#### [EXERCISE]
Consider the listing below. Extract exactly the lines from the line containing "using cont2 by" to the line containing "m s \<le> m''", both included.

====== RECORDS PROVIDED

lemma integral_le_finite_nn_integral:
  fixes w :: "real \<Rightarrow> real"
  assumes hi: "(w has_integral I) {a..b}"
    and nonneg: "\<And>x. x \<in> A \<Longrightarrow> 0 \<le> w x"
    and sub: "{a..b} \<subseteq> A"
    and fin: "(\<integral>\<^sup>+ x. indicator A x * ennreal (w x) \<partial>lborel) < \<infinity>"
  shows "I \<le> enn2real (\<integral>\<^sup>+ x. indicator A x * ennreal (w x) \<partial>lborel)"
proof -
  have "ennreal I = (\<integral>\<^sup>+ x. ennreal (w x) * indicator {a..b} x \<partial>lborel)"
    by (rule nn_integral_has_integral_lebesgue'[OF _ hi, symmetric]) (use nonneg sub in auto)
  also have "\<dots> \<le> (\<integral>\<^sup>+ x. indicator A x * ennreal (w x) \<partial>lborel)"
    using sub by (intro nn_integral_mono) (auto simp: indicator_def)
  finally have "ennreal I \<le> (\<integral>\<^sup>+ x. indicator A x * ennreal (w x) \<partial>lborel)" .
  moreover have "0 \<le> I"
    by (rule has_integral_nonneg[OF hi]) (use nonneg sub in auto)
  ultimately show ?thesis
    using enn2real_mono fin by fastforce
qed

text \<open>Core estimate: for a C^2 convex profile with m(0) = 0, m'(0) = 1 whose weight
  t m''(t)/m(t) (that is, t |K(t)|) is integrable, m' is bounded, because
  ln m'(t) - ln m'(1) \<le> \<integral>_1^t s m''(s)/m(s) ds.\<close>
lemma convex_profile_derivative_bounded:
  fixes m m' m'' :: "real \<Rightarrow> real"
  assumes d1: "\<And>x. (m has_real_derivative m' x) (at x)"
    and d2: "\<And>x. (m' has_real_derivative m'' x) (at x)"
    and cont2: "continuous_on UNIV m''"
    and m0: "m 0 = 0" and m'0: "m' 0 = 1"
    and pos: "\<And>t. t > 0 \<Longrightarrow> 0 < m t"
    and convex: "\<And>t. t > 0 \<Longrightarrow> 0 \<le> m'' t"
    and weight: "(\<integral>\<^sup>+ t. indicator {0<..} t * ennreal (t * m'' t / m t) \<partial>lborel) < \<infinity>"
  obtains D where "\<And>t. 0 \<le> t \<Longrightarrow> m' t \<le> D"
proof -
  define w where "w t = t * m'' t / m t" for t
  define C where "C = enn2real (\<integral>\<^sup>+ t. indicator {0<..} t * ennreal (w t) \<partial>lborel)"
  have m'_mono: "m' s \<le> m' t" if "0 \<le> s" "s \<le> t" for s t
    using mono_on_halfline_of_nonneg_deriv[OF d2 convex that] .
  have m'_ge1: "1 \<le> m' t" if "t \<ge> 0" for t
    using m'_mono[OF order_refl that] m'0 by simp
  have w_int: "(w has_integral integral {1..t} w) {1..t}" for t
  proof -
    have "continuous_on {1..t} m"
      using d1 by (meson DERIV_isCont continuous_at_imp_continuous_on)
    moreover have "continuous_on {1..t} m''"
      using cont2 by (rule continuous_on_subset) simp
    ultimately have "continuous_on {1..t} w"
      unfolding w_def using pos by (intro continuous_intros) (auto intro!: less_imp_neq[symmetric])
    then show ?thesis using integrable_continuous_interval by blast
  qed
  have w_le_C: "integral {1..t} w \<le> C" for t
    unfolding C_def using convex pos weight unfolding w_def
    by (intro integral_le_finite_nn_integral[OF w_int[unfolded w_def]]) (auto intro!: divide_nonneg_pos)
  have m'_bound: "m' t \<le> m' 1 * exp C" if "t \<ge> 1" for t
  proof -
    have "ln (m' t) - ln (m' 1) \<le> integral {1..t} w"
    proof (rule log_growth_le_integral[OF that d2])
      fix s :: real assume s: "s \<in> {1..t}"
      then have "s > 0" "0 < m' s" using m'_ge1[of s] by auto
      have "m'' s * m s \<le> m'' s * (s * m' s)"
        using convex_profile_below_tangent[OF d1 d2 convex m0 \<open>s > 0\<close>] convex[OF \<open>s > 0\<close>]
        by (rule mult_left_mono)
      then show "m'' s / m' s \<le> w s"
        unfolding w_def using \<open>0 < m' s\<close> pos[OF \<open>s > 0\<close>]
        by (simp add: divide_simps mult_ac)
    qed (auto intro: less_le_trans[OF zero_less_one m'_ge1] has_integral_integrable[OF w_int])
    then have "exp (ln (m' t)) \<le> exp (ln (m' 1) + C)" using w_le_C[of t] by simp
    then show ?thesis
      using m'_ge1[of t] m'_ge1[of 1] that by (simp add: exp_add)
  qed
  show ?thesis
  proof
    fix t :: real assume "0 \<le> t"
    have "1 \<le> exp C" unfolding C_def by simp
    then have "m' 1 \<le> m' 1 * exp C" using m'_ge1[of 1] by simp
    then show "m' t \<le> m' 1 * exp C"
      using m'_bound[of t] m'_mono[OF \<open>0 \<le> t\<close>, of 1] by (cases "t \<le> 1") auto
  qed
qed

lemma convex_profile_linear_growth:
  fixes m m' m'' :: "real \<Rightarrow> real"
  assumes d1: "\<And>x. (m has_real_derivative m' x) (at x)"
    and d2: "\<And>x. (m' has_real_derivative m'' x) (at x)"
    and "continuous_on UNIV m''"
    and m0: "m 0 = 0" and m'0: "m' 0 = 1"
    and "\<And>t. t > 0 \<Longrightarrow> 0 < m t"
    and convex: "\<And>t. t > 0 \<Longrightarrow> 0 \<le> m'' t"
    and "(\<integral>\<^sup>+ t. indicator {0<..} t * ennreal (t * m'' t / m t) \<partial>lborel) < \<infinity>"
  obtains B where "B \<ge> 0" "\<And>t. t > 0 \<Longrightarrow> m t \<le> B * t"
proof -
  obtain D where D: "\<And>t. 0 \<le> t \<Longrightarrow> m' t \<le> D"
    using convex_profile_derivative_bounded[OF assms] by blast
  show ?thesis
  proof
    show "0 \<le> D" using D[of 0] m'0 by simp
  next
    fix t :: real assume "0 < t"
    then have "m t \<le> t * m' t"
      using convex_profile_below_tangent[OF d1 d2 convex m0] by blast
    also have "\<dots> \<le> t * D"
      using D[of t] \<open>0 < t\<close> by (intro mult_left_mono) auto
    finally show "m t \<le> D * t" by (simp add: mult_ac)
  qed
qed

lemma nn_integral_halfline_finite_by_comparison:
  fixes h g :: "real \<Rightarrow> real"
  assumes local: "\<And>t. 0 < t \<Longrightarrow> t \<le> 1 \<Longrightarrow> h t \<le> M"
    and tail: "\<And>t. 1 < t \<Longrightarrow> h t \<le> B * g t" and "0 \<le> B"
    and g_meas: "g \<in> borel_measurable borel"
    and g_fin: "(\<integral>\<^sup>+ t. indicator {0<..} t * ennreal (g t) \<partial>lborel) < \<infinity>"
  shows "(\<integral>\<^sup>+ t. indicator {0<..} t * ennreal (h t) \<partial>lborel) < \<infinity>"
proof -
  define F where "F t = ennreal M * indicator {0<..1} t
      + ennreal B * (indicator {0<..} t * ennreal (g t))" for t :: real
  have dominated: "indicator {0<..} t * ennreal (h t) \<le> F t" for t
  proof (cases "0 < t \<and> t \<le> 1")
    case True
    then have "ennreal (h t) \<le> ennreal M" using local by (intro ennreal_leI) auto
    then show ?thesis using True unfolding F_def by (simp add: indicator_def add_increasing2)
  next
    case False
    have "ennreal (h t) \<le> ennreal B * ennreal (g t)" if "1 < t"
      using tail[OF that] \<open>0 \<le> B\<close> by (simp add: ennreal_mult'[symmetric] ennreal_leI)
    then show ?thesis using False unfolding F_def by (auto simp: indicator_def add_increasing)
  qed
  have "(\<integral>\<^sup>+ t. indicator {0<..} t * ennreal (h t) \<partial>lborel) \<le> integral\<^sup>N lborel F"
    using dominated by (intro nn_integral_mono) auto
  also have "integral\<^sup>N lborel F = ennreal M * emeasure lborel {0<..1::real}
      + ennreal B * (\<integral>\<^sup>+ t. indicator {0<..} t * ennreal (g t) \<partial>lborel)"
    unfolding F_def using g_meas
    by (subst nn_integral_add, measurable, subst nn_integral_cmult, measurable,
        subst nn_integral_cmult_indicator, auto)
  also have "\<dots> < \<infinity>" using g_fin by (simp add: ennreal_mult_less_top)
  finally show ?thesis .
qed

============

#### [TASK SOLUTION]
      using cont2 by (rule continuous_on_subset) simp
    ultimately have "continuous_on {1..t} w"
      unfolding w_def using pos by (intro continuous_intros) (auto intro!: less_imp_neq[symmetric])
    then show ?thesis using integrable_continuous_interval by blast
  qed
  have w_le_C: "integral {1..t} w \<le> C" for t
    unfolding C_def using convex pos weight unfolding w_def
    by (intro integral_le_finite_nn_integral[OF w_int[unfolded w_def]]) (auto intro!: divide_nonneg_pos)
  have m'_bound: "m' t \<le> m' 1 * exp C" if "t \<ge> 1" for t
  proof -
    have "ln (m' t) - ln (m' 1) \<le> integral {1..t} w"
    proof (rule log_growth_le_integral[OF that d2])
      fix s :: real assume s: "s \<in> {1..t}"
      then have "s > 0" "0 < m' s" using m'_ge1[of s] by auto
      have "m'' s * m s \<le> m'' s * (s * m' s)"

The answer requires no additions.